Using AI to write top of the line software
Using AI (chatGPT and Github co-pilot) to write top of the line software

Using AI to write top of the line software

"If?the only tool?you have?is a?hammer, it is tempting to treat everything as?if?it were a?nail." ~ Maslow's law of instruments.

Is a popular saying with regards to applying AI into software projects. Have customers complain? Institute an AI to categorize their emotions to get heaps of feedback. Have a big data silo? Apply AI to make sense of it. Don't want to read 3 books before making your final essay? Just have AI write you a summary.

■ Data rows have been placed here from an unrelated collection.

theorem mainTheorem7:
  fixes f :: "real^'n \<Rightarrow> real"
    and x :: "nat \<Rightarrow> real^'n" and S :: "nat \<Rightarrow> real^'n^'l" and sh :: "nat \<Rightarrow> real^'l"
    and \<sigma> \<nu> \<mu> \<kappa> :: "nat \<Rightarrow> real"
    and p k0 :: nat and x0 :: "real^'n"
    and \<nu>0 \<epsilon> \<theta> \<mu>m1 vth L \<omega> :: real
  assumes "CARD('l) < CARD('n)"
    and "1 \<le> p"
    and "AS1 f p" and "AS3 f p L"
    and "skoffar_run f p x0 \<nu>0 \<epsilon> \<theta> \<mu>m1 vth x S sh \<sigma> \<nu> \<mu> \<kappa>"
    and "0 < \<omega>" and "\<omega> < 1"
    and "enat k0 < N1 f x \<epsilon>"
    and "1 \<le> k0"
    and "nat \<lceil>2 * L * \<epsilon> powr (- (real p + 1) / real p)
               / (vth * \<nu>0 * \<omega> powr ((real p + 1) / real p))\<rceil>
           \<le> card {k. k < k0 \<and> omega_true f p x S sh \<epsilon> \<omega> k}"
  shows "k1 \<nu> L vth \<noteq> \<infinity> \<and> k1 \<nu> L vth \<le> enat k0
         \<and> (\<forall>k. k1 \<nu> L vth \<le> enat k \<longrightarrow> \<sigma> k \<ge> 2 * L)"
proof -
  note run = assms(5)[unfolded skoffar_run_def]
  have \<nu>0_pos: "0 < \<nu>0" and \<epsilon>_pos: "0 < \<epsilon>" and vth_pos: "0 < vth" and "\<nu> 0 = \<nu>0"
    and \<nu>_update: "\<And>k. \<nu> (Suc k) = \<nu> k + \<nu> k * norm (transpose (S k) *v sh k) ^ (p + 1)"
    and \<sigma>_ge: "\<And>k. 1 \<le> k \<Longrightarrow> vth * \<nu> k \<le> \<sigma> k"
    using run by blast+
  define a where "a i = norm (transpose (S i) *v sh i) ^ (p + 1)" for i
  define q where "q = (real p + 1) / real p"
  define T where "T = {k. k < k0 \<and> omega_true f p x S sh \<epsilon> \<omega> k}"
  define y where "y = 2 * L * \<epsilon> powr (- q) / (vth * \<nu>0 * \<omega> powr q)"
  have growth: "0 \<le> \<nu> 0" "\<And>k. 0 \<le> a k" "\<And>k. \<nu> (Suc k) = \<nu> k + \<nu> k * a k"
    using \<nu>0_pos \<open>\<nu> 0 = \<nu>0\<close> \<nu>_update by (simp_all add: a_def)
  have true_step: "(\<omega> * \<epsilon>) powr q \<le> a i" if "i \<in> T" for i
    using that omega_true_step_ge assms(2,6) \<epsilon>_pos unfolding T_def a_def q_def by blast
  have "y \<le> real (card T)"
    using assms(10) unfolding y_def T_def q_def minus_divide_left by linarith
  have "2 * L / vth = \<nu> 0 * y * (\<omega> * \<epsilon>) powr q"
    unfolding y_def \<open>\<nu> 0 = \<nu>0\<close>
    using threshold_times_step_bound \<nu>0_pos vth_pos \<epsilon>_pos assms(6) by simp
  also have "\<dots> \<le> \<nu> k0"
    using multiplicative_growth_ge_card_mult[OF growth, of T k0 "(\<omega> * \<epsilon>) powr q" y]
      true_step \<open>y \<le> real (card T)\<close> by (auto simp: T_def)
  finally obtain m where "k1 \<nu> L vth = enat m" "1 \<le> m" "m \<le> k0"
    and crossed: "\<And>k. m \<le> k \<Longrightarrow> 2 * L / vth \<le> \<nu> k"
    using k1_eq_first_crossing multiplicative_growth_incseq[OF growth] assms(9) by blast
  moreover have "2 * L \<le> \<sigma> k" if "m \<le> k" for k
  proof -
    have "2 * L \<le> vth * \<nu> k"
      using crossed[OF that] vth_pos by (simp add: divide_le_eq mult.commute)
    then show ?thesis
      using \<sigma>_ge[of k] \<open>1 \<le> m\<close> that by simp
  qed
  ultimately show ?thesis by auto
qed

end
(* In the setting described in the context, let $C_\phi$ be a Lipschitz constant of $\phi$. For every $m$ and every $x,x'$ lying in the same green cylinder, $$e^{-C_\phi/2}\le \frac{H_m(x)}{H_m(x')}\le e^{C_\phi/2}.$$
   Context: Setting: $A$ ($K\times K$) and $D$ ($N\times N$) are irreducible $\{0,1\}$-matrices; $M_0$ is a $(K+N)\times(K+N)$ $\{0,1\}$-matrix with diagonal blocks $A$, $D$ and some power with all entries positive; the alphabet is $\{\alpha_1,\dots,\alpha_K,\delta_1,\dots,\delta_N\}$; $\Sigma_0$ is the one-sided SFT for $M_0$ with shift $\sigma$ and metric $d(\omega,\omega')=2^{-\min\{k:\omega_k\ne\omega'_k\}}$; $\Sigma_A,\Sigma_D$ are the points with only $\alpha$-digits, resp. only $\delta$-digits; $\phi:\Sigma_0\to\mathbb R$ is Lipschitz with $|\phi(x)-\phi(y)|\le C_\phi d(x,y)$ and has the same pressure $P$ on $\Sigma_A$ and $\Sigma_D$. $\alpha_j\delta_l$ denotes any allowed word $\alpha$-digit then $\delta$-digit, $\delta_i\alpha_k$ any allowed word $\delta$-digit then $\alpha$-digit; $\delta^n,\alpha^n$ denote words of $n$ $\delta$-, resp. $\alpha$-digits. $A'\le A$, $D'\le D$ entrywise are $\{0,1\}$-matrices with $A'\ne A$, $D'\ne D$, rows of $A'$ indexed by $\alpha$-digits that can follow a $\delta$-digit nonzero, rows of $D'$ indexed by $\delta$-digits that can follow an $\alpha$-digit nonzero; $(n_m),(n'_m)$ increasing integer sequences tending to $\infty$. $\Sigma_m\subset\Sigma_0$ is obtained by additionally forbidding: $\alpha_j\delta_l\delta^n\delta_i\alpha_k$ with $n<n'_m-2$, or with $n\ge n'_m-2$ and $\delta_l$ followed by the first $n'_m-2$ letters of $\delta^n$ not $D'$-eligible; $\delta_i\alpha_k\alpha^n\alpha_j\delta_l$ with $n<n_m-2$, or with $n\ge n_m-2$ and $\alpha_k$ followed by the first $n_m-2$ letters of $\alpha^n$ not $A'$-eligible (eligible = all consecutive transitions allowed by the matrix). $P_m$ is the pressure of $\phi$ on $\Sigma_m$. Induced scheme: green cylinders are the 2-cylinders $[\alpha_j\delta_l]$ and $[\delta_i\alpha_k]$, and $G$ is their union. For $x\in[\delta_i\alpha_k]$ its $g_m$-preimages are the points $y=\alpha_j\delta_l w x$ (with $w$ a $\delta$-word) such that $\alpha_j\delta_l w\delta_i\alpha_k$ is allowed in $\Sigma_m$, with return time $r_m(y)=|w|+2$; symmetrically for $x\in[\alpha_j\delta_l]$. The induced transfer operator is $\mathcal L_{G,m}f(x)=\sum_{y:\,g_m(y)=x}e^{S_{r_m(y)}\phi(y)-r_m(y)P_m}f(y)$, with $S_n\phi=\sum_{i<n}\phi\circ\sigma^i$. It has spectral radius 1; $\nu_m$ is the probability with $\int\mathcal L_{G,m}f\,d\nu_m=\int f\,d\nu_m$, and $H_m=\lim_{n}\frac1n\sum_{k=0}^{n-1}\mathcal L_{G,m}^k(\mathbf 1_G)$ (uniform limit) is the positive eigenfunction $\mathcal L_{G,m}H_m=H_m$ with $\int H_m\,d\nu_m=1$. *)

theory Defs
  imports "HOL-Analysis.Analysis"
begin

Yes it's true, we have crossed the line. We now have AI as a new hammer that we can apply to a multitude of different day-to-day problems and let it solve things for us. However, next from the ethical debates which are endless in and of themselves. I am most curious about how we can solve problems together with AI. I'm not talking about letting a program run with rules to automaticaly solve issues FOR me, but rather use it's intelligence together with mine to solve issues WITH me. Not only will this continuous exercise broaden understanding of true intelligence in software machines, it will hopefully also speed up productivity and free up time and effort that it can take to solve (complex) challenges.

So what have I done?

We recently saw an opportunity to write a new piece of scheduling software that would connect and integrate between several API's. One API exposes schedules of individuals and another would be able to ingest 'shift' data that it would use to forward and re-route alerting and monitoring features of our expansive landscape to the responsible engineer or analyist on-call.

The first step in engineering new software is to make some decisions and don't worry I won't go too much in to them. There are always some considerations in using a main programming language, an environment, build tools, plugins, deployment environments, secret management and so forth and so forth. Most of these decisions an AI cannot take for you. You will have to learn about them and their sometimes subtle differences.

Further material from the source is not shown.